CONCORD, N.H.—Between stops last Thursday on what was his first New Hampshire visit of the 2008 cycle, Rudy Giuliani affirmed his support for the state’s first-in-the-nation primary status.
“I’m sort of a traditionalist anyway,” he said at an event here. “I got all annoyed when they got a designated hitter in baseball.”
It was a fittingly smooth start for the former Mayor in this rarest of states, where the Republican Party actually smiles on cultural heretics like him.
Yet if Rudy does take the ’08 plunge, it is actually New Hampshire that could be his Waterloo.
A stretch to begin with, a Giuliani coronation in Minneapolis two summers from now absolutely requires him to win New Hampshire’s leadoff primary. In contrast to the G.O.P. electorates of most of the other decisive primary and caucus states, a marked strain of libertarianism runs through New Hampshire’s Republican Party, which routinely embraces social moderates.
Moreover, the rules of the New Hampshire’s Presidential game favor mavericks. Independents, who are free to take part in the ’08 G.O.P. primary, figure to account for a quarter of all votes cast. Overall, about half of the state’s registered voters will turn out for the Presidential primary, a unique check on the sway that hardened ideologues and their pesky litmus tests hold in low-participation nominating contests—like, say, the Iowa caucuses.
Rather inexplicably, New Hampshire is even home to a not-invisible smattering of Yankees fans—Adam Sandler, who grew up in Manchester, to name one.
In other words, if Rudy can’t make it here, he can’t make it anywhere.
But the same can be said of John McCain, whose international political stardom was born in New Hampshire six Februarys ago, when he socked George W. Bush and his cash machine by 19 points, an unforeseen political earthquake triggered by those same independent-minded voters.
And the problem for Rudy is that Mr. McCain is running again. He remains a political rock star to New Hampshire’s masses, a status on display last month, when Mr. McCain served as the honorary starter at an auto race in Loudon. As he walked to his seat, according to Peter Spaulding, Mr. McCain’s ’00 New Hampshire campaign chairman, he was swarmed by race fans who treated him “like he was one of the racers.”

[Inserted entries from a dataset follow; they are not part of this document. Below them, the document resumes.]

lemma two_sided_ideal_uminus: "- 1 \<in> R \<Longrightarrow> x \<in> J \<Longrightarrow> - x \<in> J"
  using two_sided_ideal_mult_left[of x "- 1"] by simp

lemma two_sided_ideal_diff: "- 1 \<in> R \<Longrightarrow> x \<in> J \<Longrightarrow> y \<in> J \<Longrightarrow> x - y \<in> J"
  using two_sided_ideal_add two_sided_ideal_uminus by (metis diff_conv_add_uminus)

lemmas two_sided_ideal_intros = two_sided_ideal_add two_sided_ideal_diff two_sided_ideal_uminus
  two_sided_ideal_mult_left two_sided_ideal_mult_right

lemma two_sided_ideal_mem_iff_add_mult_unit:
  assumes "- 1 \<in> R" "x \<in> R" "u \<in> R" "v \<in> R"
    and "u * v - 1 \<in> J" and "y + x * u \<in> J"
  shows "x \<in> J \<longleftrightarrow> y \<in> J"
proof
  assume "x \<in> J"
  have "y = (y + x * u) - x * u" by simp
  also have "\<dots> \<in> J" using assms \<open>x \<in> J\<close> by (blast intro: two_sided_ideal_intros)
  finally show "y \<in> J" .
next
  assume "y \<in> J"
  have "x = (y + x * u) * v - y * v - x * (u * v - 1)" by (simp add: algebra_simps)
  also have "\<dots> \<in> J" using assms \<open>y \<in> J\<close> by (blast intro: two_sided_ideal_intros)
  finally show "x \<in> J" .
qed

end

locale braid_pair_mod =
  fixes R J :: "'a::ring_1 set" and a a' b b' :: 'a
  assumes ideal: "two_sided_ideal R J" and minus_one_mem: "- 1 \<in> R"
    and mult_mem: "\<And>x y. x \<in> R \<Longrightarrow> y \<in> R \<Longrightarrow> x * y \<in> R"
    and mem: "a \<in> R" "a' \<in> R" "b \<in> R" "b' \<in> R"
    and right_inverse_a: "a * a' - 1 \<in> J" and left_inverse_a: "a' * a - 1 \<in> J"
    and right_inverse_b: "b * b' - 1 \<in> J" and left_inverse_b: "b' * b - 1 \<in> J"
    and braid: "a * b * a - b * a * b \<in> J"
begin

lemmas mem_rules = two_sided_ideal_intros[OF ideal] minus_one_mem mult_mem mem
  right_inverse_a left_inverse_a right_inverse_b left_inverse_b braid

lemma conj_by_b: "b' * a * b - a * b * a' \<in> J"
proof -
  have "b' * a * b - a * b * a' = (b' * (a * b * a - b * a * b) + (b' * b - 1) * a * b) * a'
      - b' * a * b * (a * a' - 1)"
    by (simp add: algebra_simps)
  also have "\<dots> \<in> J" by (blast intro: mem_rules)
  finally show ?thesis .
qed

lemma conj_inv_by_b: "b' * a' * b - a * b' * a' \<in> J"
proof -
  have "b' * a' * b - a * b' * a' =
      ((b' * b - 1) * a - b' * a' * (a * b * a - b * a * b) + b' * (a' * a - 1) * b * a) * b' * a'
      - b' * a' * b * ((a * a' - 1) + a * (b * b' - 1) * a')"
    by (simp add: algebra_simps)
  also have "\<dots> \<in> J" by (blast intro: mem_rules)
  finally show ?thesis .
qed
(* Let $q$ be a prime power, $b$ a positive integer, and $\boldsymbol{B}$ an $M\times M$ matrix with nonnegative integer entries. Then \[ N_b(\boldsymbol{B})\ge\begin{cases}\dfrac{2q^b}{(q^b-1)M^2}\sum_{i<j}[\boldsymbol{B}]_{ij}, & \text{if } M\equiv 0\pmod{q^b},\\[2mm] \dfrac{2q^b}{(q^b-1)(M^2-1)}\sum_{i<j}[\boldsymbol{B}]_{ij}, & \text{if } M\equiv 1\pmod{q^b},\\[2mm] \dfrac{2q^b}{M^2(q^b-1)-m(q^b-m)}\sum_{i<j}[\boldsymbol{B}]_{ij}, & \text{if } M\equiv m\pmod{q^b},\ m>1.\end{cases} \]
   Context: For $\boldsymbol{z}=(z_0,\ldots,z_{n-1}),\boldsymbol{w}\in\mathbb{F}_q^n$, the $b$-symbol distance $d_b(\boldsymbol{z},\boldsymbol{w})$ is the number of $i\in\{0,\ldots,n-1\}$ with $(z_i,\ldots,z_{i+b-1})\ne(w_i,\ldots,w_{i+b-1})$ (indices mod $n$). $N_b(\boldsymbol{B})$ is the smallest $r$ such that there exist $\boldsymbol{p}_1,\ldots,\boldsymbol{p}_M\in\mathbb{F}_q^r$ (in some ordering) with $d_b(\boldsymbol{p}_i,\boldsymbol{p}_j)\ge[\boldsymbol{B}]_{ij}$ for all $i,j$. In the third case $m$ denotes the residue of $M$ modulo $q^b$, with $1<m<q^b$. *)

theory Defs
  imports Complex_Main
begin

definition bdist :: "nat \<Rightarrow> 'a list \<Rightarrow> 'a list \<Rightarrow> nat" where
  "bdist b z w = card {i. i < length z \<and>
      (\<exists>k<b. z ! ((i + k) mod length z) \<noteq> w ! ((i + k) mod length z))}"

definition Nb :: "'a itself \<Rightarrow> nat \<Rightarrow> nat \<Rightarrow> (nat \<Rightarrow> nat \<Rightarrow> nat) \<Rightarrow> nat" where
  "Nb _ b M B = (LEAST r. \<exists>p :: nat \<Rightarrow> 'a list.
      (\<forall>i<M. length (p i) = r) \<and>
      (\<forall>i<M. \<forall>j<M. i \<noteq> j \<longrightarrow> bdist b (p i) (p j) \<ge> B i j))"

end

theory Submission
  imports Defs
begin

text \<open>At every cyclic position \<open>t\<close> the \<open>M\<close> codewords show \<open>b\<close>-symbols taking at most
  \<open>Q = q\<^sup>b\<close> values; if \<open>n\<^sub>v\<close> codewords show the value \<open>v\<close>, then \<open>(M\<^sup>2 - \<Sum> n\<^sub>v\<^sup>2) / 2\<close> pairs
  differ at \<open>t\<close>. Since \<open>\<Sum> n\<^sub>v\<^sup>2\<close> is smallest for balanced fibres, \<open>Q \<Sum> n\<^sub>v\<^sup>2 \<ge> M\<^sup>2 + m (Q - m)\<close>
  with \<open>m = M mod Q\<close>. Summing the distance constraints over all pairs and exchanging the
  sums over pairs and positions gives \<open>2 Q S \<le> r (M\<^sup>2 (Q - 1) - m (Q - m))\<close>, where \<open>S\<close> is the
  sum of the \<open>B i j\<close> over \<open>i < j\<close>, for every code of length \<open>r\<close>, in particular for \<open>r = N\<^sub>b(B)\<close>.\<close>

definition window :: "nat \<Rightarrow> 'a list \<Rightarrow> nat \<Rightarrow> 'a list" where
  "window b z t = map (\<lambda>k. z ! ((t + k) mod length z)) [0..<b]"

lemma bdist_eq_sum_windows:
  assumes "length w = length z"
  shows "bdist b z w = (\<Sum>t<length z. of_bool (window b z t \<noteq> window b w t))"
proof -
  have "bdist b z w = card ({..<length z} \<inter> {t. window b z t \<noteq> window b w t})"
    using assms unfolding bdist_def window_def by (simp add: Int_def Bex_def)
  then show ?thesis by simp
qed

lemma card_differences_le_bdist:
  assumes "b > 0" and "length w = length z"
  shows "card {t. t < length z \<and> z ! t \<noteq> w ! t} \<le> bdist b z w"
  unfolding bdist_def
proof (rule card_mono)
  show "{t. t < length z \<and> z ! t \<noteq> w ! t} \<subseteq> {t. t < length z \<and>
      (\<exists>k<b. z ! ((t + k) mod length z) \<noteq> w ! ((t + k) mod length z))}"
    using assms(1) by force
qed simp

lemma card_lists_length_le:
  assumes "\<forall>xs\<in>X. length xs = n"
  shows "card (X :: 'a::finite list set) \<le> card (UNIV :: 'a set) ^ n"
proof -
  have "X \<subseteq> {xs. set xs \<subseteq> UNIV \<and> length xs = n}" using assms by auto
  then have "card X \<le> card {xs. set xs \<subseteq> (UNIV :: 'a set) \<and> length xs = n}"
    by (intro card_mono finite_lists_length_eq) auto
  then show ?thesis using card_lists_length_eq[of "UNIV :: 'a set" n] by simp
qed

lemma double_sum_pairs_less:
  fixes g :: "nat \<Rightarrow> nat \<Rightarrow> 'b::comm_semiring_1"
  assumes "\<And>i j. g i j = g j i" and "\<And>i. g i i = 0"
  shows "2 * (\<Sum>j<M. \<Sum>i<j. g i j) = (\<Sum>i<M. \<Sum>j<M. g i j)"
proof (induction M)
  case (Suc M)
  have "(\<Sum>i<Suc M. \<Sum>j<Suc M. g i j)
      = (\<Sum>i<M. \<Sum>j<M. g i j) + (\<Sum>i<M. g i M) + (\<Sum>j<M. g M j)"
    by (simp add: sum.distrib assms(2) add_ac)
  also have "(\<Sum>j<M. g M j) = (\<Sum>i<M. g i M)"
    using assms(1) by simp
  finally show ?case
    using Suc by (simp add: algebra_simps mult_2)
qed simp

lemma sum_card_fibres:
  assumes "finite A"
  shows "(\<Sum>v\<in>f ` A. card {x\<in>A. f x = v}) = card A"
  using sum.image_gen[OF assms, of "\<lambda>_. 1::nat" f] by simp

lemma sum_card_fibres_square:
  assumes "finite A"
  shows "(\<Sum>x\<in>A. card {y\<in>A. f y = f x}) = (\<Sum>v\<in>f ` A. card {x\<in>A. f x = v} ^ 2)"
proof -
  have "(\<Sum>x\<in>A. card {y\<in>A. f y = f x})
      = (\<Sum>v\<in>f ` A. \<Sum>x\<in>{x\<in>A. f x = v}. card {y\<in>A. f y = f x})"
    by (rule sum.image_gen[OF assms])
  also have "\<dots> = (\<Sum>v\<in>f ` A. card {x\<in>A. f x = v} ^ 2)"
    by (intro sum.cong refl) (simp add: power2_eq_square)
  finally show ?thesis .
qed

lemma sum_squares_ge_balanced:
  fixes n :: "'v \<Rightarrow> nat"
  assumes "card V \<le> Q"
  defines "M \<equiv> sum n V"
  shows "int M ^ 2 + int (M mod Q) * (int Q - int (M mod Q))
    \<le> int Q * (\<Sum>v\<in>V. int (n v) ^ 2)"
proof -
  define k where "k = M div Q"
  define m where "m = M mod Q"
  have M_eq: "int M = int k * int Q + int m"
    unfolding k_def m_def by (metis div_mult_mod_eq of_nat_add of_nat_mult)
  \<comment> \<open>tight exactly at \<open>x = k\<close> and \<open>x = k + 1\<close>, so balanced fibres are extremal\<close>
  have tangent: "(2 * int k + 1) * x - int k * (int k + 1) \<le> x ^ 2" for x :: int
  proof -
    have "0 \<le> (x - int k) * (x - int k - 1)"
      by (cases "x \<le> int k") (auto intro: mult_nonpos_nonpos)
    then show ?thesis by (simp add: algebra_simps power2_eq_square)
  qed
  have "(2 * int k + 1) * int M - int Q * (int k * (int k + 1))
      \<le> (2 * int k + 1) * int M - int (card V) * (int k * (int k + 1))"
    using assms(1) by (intro diff_left_mono mult_right_mono) auto
  also have "\<dots> = (\<Sum>v\<in>V. (2 * int k + 1) * int (n v) - int k * (int k + 1))"
    unfolding M_def by (simp add: sum_subtractf sum_distrib_left)
  also have "\<dots> \<le> (\<Sum>v\<in>V. int (n v) ^ 2)"
    by (intro sum_mono tangent)
  finally have "int Q * ((2 * int k + 1) * int M - int Q * (int k * (int k + 1)))
      \<le> int Q * (\<Sum>v\<in>V. int (n v) ^ 2)"
    by (intro mult_left_mono) auto
  moreover have "int Q * ((2 * int k + 1) * int M - int Q * (int k * (int k + 1)))
      = int M ^ 2 + int m * (int Q - int m)"
    unfolding M_eq by (simp add: algebra_simps power2_eq_square)
  ultimately show ?thesis unfolding m_def by simp
qed

lemma sum_pairs_distinct_values_le:
  fixes f :: "nat \<Rightarrow> 'b"
  assumes "card (f ` {..<M}) \<le> Q"
  shows "int Q * (2 * (\<Sum>j<M. \<Sum>i<j. of_bool (f i \<noteq> f j)))
    \<le> int M ^ 2 * (int Q - 1) - int (M mod Q) * (int Q - int (M mod Q))"
proof -
  define n where "n v = card {i\<in>{..<M}. f i = v}" for v
  have row: "(\<Sum>j<M. of_bool (f i \<noteq> f j)) = int M - int (card {j\<in>{..<M}. f j = f i})" for i
  proof -
    have "(\<Sum>j<M. of_bool (f i \<noteq> f j)) = (\<Sum>j<M. 1 - of_bool (f j = f i) :: int)"
      by (intro sum.cong) auto
    also have "\<dots> = int M - int (card {j\<in>{..<M}. f j = f i})"
      by (simp add: sum_subtractf Int_def)
    finally show ?thesis .
  qed
  have "2 * (\<Sum>j<M. \<Sum>i<j. of_bool (f i \<noteq> f j))
      = (\<Sum>i<M. \<Sum>j<M. of_bool (f i \<noteq> f j) :: int)"
    by (rule double_sum_pairs_less) auto
  also have "\<dots> = int M ^ 2 - int (\<Sum>i<M. card {j\<in>{..<M}. f j = f i})"
    by (simp add: row sum_subtractf power2_eq_square)
  also have "\<dots> = int M ^ 2 - (\<Sum>v\<in>f ` {..<M}. int (n v) ^ 2)"
    unfolding n_def sum_card_fibres_square[OF finite_lessThan] by simp
  finally have pairs: "2 * (\<Sum>j<M. \<Sum>i<j. of_bool (f i \<noteq> f j))
      = int M ^ 2 - (\<Sum>v\<in>f ` {..<M}. int (n v) ^ 2)" .
  have "sum n (f ` {..<M}) = M"
    using sum_card_fibres[of "{..<M}" f] unfolding n_def by simp
  then have "int M ^ 2 + int (M mod Q) * (int Q - int (M mod Q))
      \<le> int Q * (\<Sum>v\<in>f ` {..<M}. int (n v) ^ 2)"
    using sum_squares_ge_balanced[OF assms, of n] by simp
  then show ?thesis
    unfolding pairs by (simp add: algebra_simps)
qed

lemma ex_code_bdist_ge:
  fixes B :: "nat \<Rightarrow> nat \<Rightarrow> nat"
  assumes "b > 0"
  shows "\<exists>r (p :: nat \<Rightarrow> 'a::zero_neq_one list). (\<forall>i<M. length (p i) = r) \<and>
    (\<forall>i<M. \<forall>j<M. i \<noteq> j \<longrightarrow> B i j \<le> bdist b (p i) (p j))"
proof -
  define T where "T = (\<Sum>i<M. \<Sum>j<M. B i j)"
  define p :: "nat \<Rightarrow> 'a list" where "p i = map (\<lambda>t. of_bool (t div T = i)) [0..<M * T]" for i
  have "B i j \<le> bdist b (p i) (p j)" if "i < M" "j < M" "i \<noteq> j" for i j
  proof -
    have "B i j \<le> (\<Sum>j<M. B i j)"
      using that(2) by (intro member_le_sum) auto
    also have "\<dots> \<le> T"
      unfolding T_def using that(1) by (intro member_le_sum[where f = "\<lambda>i. \<Sum>j<M. B i j"]) auto
    finally have "B i j \<le> card {i * T..<i * T + T}" by simp
    also have "\<dots> \<le> card {t. t < length (p i) \<and> p i ! t \<noteq> p j ! t}"
    proof (rule card_mono)
      have "i * T + T \<le> M * T"
        using that(1) mult_le_mono1[of "Suc i" M T] by simp
      moreover have "t div T = i" if "t \<in> {i * T..<i * T + T}" for t
        using that by (intro div_nat_eqI) (auto simp: mult.commute)
      ultimately show "{i * T..<i * T + T} \<subseteq> {t. t < length (p i) \<and> p i ! t \<noteq> p j ! t}"
        using \<open>i \<noteq> j\<close> by (auto simp: p_def)
    qed simp
    also have "\<dots> \<le> bdist b (p i) (p j)"
      by (rule card_differences_le_bdist[OF assms]) (simp add: p_def)
    finally show ?thesis .
  qed
  then show ?thesis
    by (intro exI[of _ "M * T"] exI[of _ p]) (auto simp: p_def)
qed

lemma Nb_attained:
  fixes F :: "'a::zero_neq_one itself"
  assumes "b > 0"
  obtains p :: "nat \<Rightarrow> 'a list"
  where "\<forall>i<M. length (p i) = Nb F b M B"
    and "\<forall>i<M. \<forall>j<M. i \<noteq> j \<longrightarrow> B i j \<le> bdist b (p i) (p j)"
  using LeastI_ex[OF ex_code_bdist_ge[OF assms, where 'a = 'a, of M B]] that
  unfolding Nb_def by blast

lemma code_length_bound:
  fixes p :: "nat \<Rightarrow> 'a::finite list" and B :: "nat \<Rightarrow> nat \<Rightarrow> nat"
  assumes len: "\<forall>i<M. length (p i) = r"
    and dist: "\<forall>i<M. \<forall>j<M. i \<noteq> j \<longrightarrow> B i j \<le> bdist b (p i) (p j)"
  defines "Q \<equiv> card (UNIV :: 'a set) ^ b"
  shows "int Q * (2 * (\<Sum>j<M. \<Sum>i<j. int (B i j)))
    \<le> int r * (int M ^ 2 * (int Q - 1) - int (M mod Q) * (int Q - int (M mod Q)))"
proof -
  define differ :: "nat \<Rightarrow> nat \<Rightarrow> nat \<Rightarrow> int"
    where "differ t i j = of_bool (window b (p i) t \<noteq> window b (p j) t)" for t i j
  have "(\<Sum>j<M. \<Sum>i<j. int (B i j)) \<le> (\<Sum>j<M. \<Sum>i<j. int (bdist b (p i) (p j)))"
    using dist by (intro sum_mono) auto
  also have "\<dots> = (\<Sum>j<M. \<Sum>i<j. \<Sum>t<r. differ t i j)"
    using len by (intro sum.cong refl) (simp add: bdist_eq_sum_windows differ_def)
  also have "\<dots> = (\<Sum>t<r. \<Sum>j<M. \<Sum>i<j. differ t i j)"
    by (simp add: sum.swap[of _ "{..<r}"])
  finally have "int Q * (2 * (\<Sum>j<M. \<Sum>i<j. int (B i j)))
      \<le> int Q * (2 * (\<Sum>t<r. \<Sum>j<M. \<Sum>i<j. differ t i j))"
    by (intro mult_left_mono) auto
  also have "\<dots> = (\<Sum>t<r. int Q * (2 * (\<Sum>j<M. \<Sum>i<j. differ t i j)))"
    by (simp only: sum_distrib_left)
  also have "\<dots> \<le> (\<Sum>t<r. int M ^ 2 * (int Q - 1) - int (M mod Q) * (int Q - int (M mod Q)))"
  proof (intro sum_mono)
    fix t
    have "card ((\<lambda>i. window b (p i) t) ` {..<M}) \<le> Q"
      unfolding Q_def by (rule card_lists_length_le) (simp add: window_def)
    then show "int Q * (2 * (\<Sum>j<M. \<Sum>i<j. differ t i j))
        \<le> int M ^ 2 * (int Q - 1) - int (M mod Q) * (int Q - int (M mod Q))"
      unfolding differ_def by (rule sum_pairs_distinct_values_le)
  qed
  finally show ?thesis by simp
qed

lemma Nb_lower_bound:
  fixes F :: "'a::{finite,zero_neq_one} itself" and M :: nat and B :: "nat \<Rightarrow> nat \<Rightarrow> nat"
  assumes "b > 0"
  defines "Q \<equiv> real (card (UNIV :: 'a set) ^ b)" and "m \<equiv> M mod card (UNIV :: 'a set) ^ b"
  shows "2 * Q / (real M ^ 2 * (Q - 1) - real m * (Q - real m)) * real (\<Sum>j<M. \<Sum>i<j. B i j)
    \<le> real (Nb F b M B)"
proof -
  define D where "D = real M ^ 2 * (Q - 1) - real m * (Q - real m)"
  define S where "S = real (\<Sum>j<M. \<Sum>i<j. B i j)"
  obtain p :: "nat \<Rightarrow> 'a list" where "\<forall>i<M. length (p i) = Nb F b M B"
    and "\<forall>i<M. \<forall>j<M. i \<noteq> j \<longrightarrow> B i j \<le> bdist b (p i) (p j)"
    using Nb_attained[OF assms(1)] .
  from of_int_le_iff[where 'a = real, THEN iffD2, OF code_length_bound[OF this]]
  have "2 * Q * S \<le> real (Nb F b M B) * D"
    unfolding Q_def m_def D_def S_def by (simp add: algebra_simps)
  moreover have "0 \<le> D"
  proof -
    have "1 \<le> Q"
      using finite_UNIV_card_ge_0[where 'a = 'a]
      unfolding Q_def by (simp add: Suc_le_eq)
    have "real m \<le> real m ^ 2"
      by (cases m) (simp_all add: power2_eq_square)
    then have "real m * (Q - real m) \<le> real m ^ 2 * (Q - 1)"
      using \<open>1 \<le> Q\<close> by (simp add: algebra_simps power2_eq_square)
    also have "\<dots> \<le> real M ^ 2 * (Q - 1)"
      using \<open>1 \<le> Q\<close> by (intro mult_right_mono power_mono) (auto simp: m_def)
    finally show ?thesis unfolding D_def by simp
  qed
  ultimately show ?thesis
    unfolding D_def[symmetric] S_def[symmetric]
    by (cases "D = 0") (simp_all add: pos_divide_le_eq mult.commute)
qed

theorem lemma4p1:
  fixes F :: "'a::{finite,field} itself" and q b M :: nat and B :: "nat \<Rightarrow> nat \<Rightarrow> nat"
  assumes "card (UNIV :: 'a set) = q"
    and "b > 0"
  defines "S \<equiv> real (\<Sum>j<M. \<Sum>i<j. B i j)"
  defines "Q \<equiv> real q ^ b"
  shows "(M mod q ^ b = 0 \<longrightarrow>
            real (Nb F b M B) \<ge> 2 * Q / ((Q - 1) * real M ^ 2) * S)
       \<and> (M mod q ^ b = 1 \<longrightarrow>
            real (Nb F b M B) \<ge> 2 * Q / ((Q - 1) * (real M ^ 2 - 1)) * S)
       \<and> (\<forall>m. m = M mod q ^ b \<and> 1 < m \<longrightarrow>
            real (Nb F b M B) \<ge>
              2 * Q / (real M ^ 2 * (Q - 1) - real m * (Q - real m)) * S)"
proof -
  have bound: "2 * Q / (real M ^ 2 * (Q - 1) - real m * (Q - real m)) * S \<le> real (Nb F b M B)"
    if "m = M mod q ^ b" for m
    using Nb_lower_bound[OF assms(2), where F = F and M = M and B = B] that assms(1)
    unfolding S_def Q_def by simp
  show ?thesis
  proof (intro conjI impI allI)
    assume "M mod q ^ b = 0"
    then show "2 * Q / ((Q - 1) * real M ^ 2) * S \<le> real (Nb F b M B)"
      using bound[of 0] by (simp add: mult.commute)
  next
    assume "M mod q ^ b = 1"
    then show "2 * Q / ((Q - 1) * (real M ^ 2 - 1)) * S \<le> real (Nb F b M B)"
      using bound[of 1] by (simp add: algebra_simps)
  qed (use bound in blast)
qed

end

Those race fans, as Mr. Spaulding noted, are precisely the kinds of casual voters—average citizens who don’t follow the inner workings of politics and who probably couldn’t pick Mitt Romney out of a line-up—who ultimately decide New Hampshire primaries.
Granted, Mr. Giuliani enjoys a similar appeal, something New Hampshire’s Republican leaders sought to harness last Thursday. After headlining a morning fund-raising event, Mr. Giuliani posed for photos with candidates for the state House of Representatives, who no doubt hope that the visual association with “America’s Mayor” will boost their November prospects.
But as Mr. Giuliani wrapped up his one-day visit, the University of New Hampshire released its first ’08 poll. Mr. McCain was first on the Republican side, with 32 percent, easily outpacing Mr. Giuliani, whose 19 percent was good for second place.
Add those numbers together and you get 51 percent—almost identical to the 49 percent that Mr. McCain snagged the last time his name was on a New Hampshire Republican ballot. The findings suggest, then, that the size of that ’00 McCain base remains the same and that Mr. McCain has a clear leg up on Mr. Giuliani in corralling it for ’08. Indeed, Mr. McCain’s game plan—playing footsy with Jerry Falwell, arguing for the teaching of “intelligent design” and even picking a fight with Barack Obama—indicates that he is far more concerned with his standing in Iowa and South Carolina than in New Hampshire.
Of course, Mr. Giuliani, like Mr. McCain, has also been penning love letters to the Christian right—even delivering them in person, like when he campaigned with Ralph Reed earlier this year. Their antics call to mind that most underappreciated television show, The Critic, whose lead character was wont to fall to his knees before the objects of his affection and whimper, “Please like me.”
But again, Mr. McCain—who, unlike Rudy, can actually point to a record of staunch opposition to abortion and gun control—seems in a better position to beg for support from social conservatives. Indeed, through the power of contrast, Mr. Giuliani’s presence in the race could even boost Mr. McCain’s palatability to the right.
Their right-wing courtship won’t matter in New Hampshire, where James Dobson is hardly a kingmaker. But the Granite State could function as an elimination contest between the Arizonan and New Yorker for the right to move on to the Bible Belt. And if this state stays true to Mr. McCain, Mr. Giuliani’s bid might well evaporate without the religious right doing a blessed thing.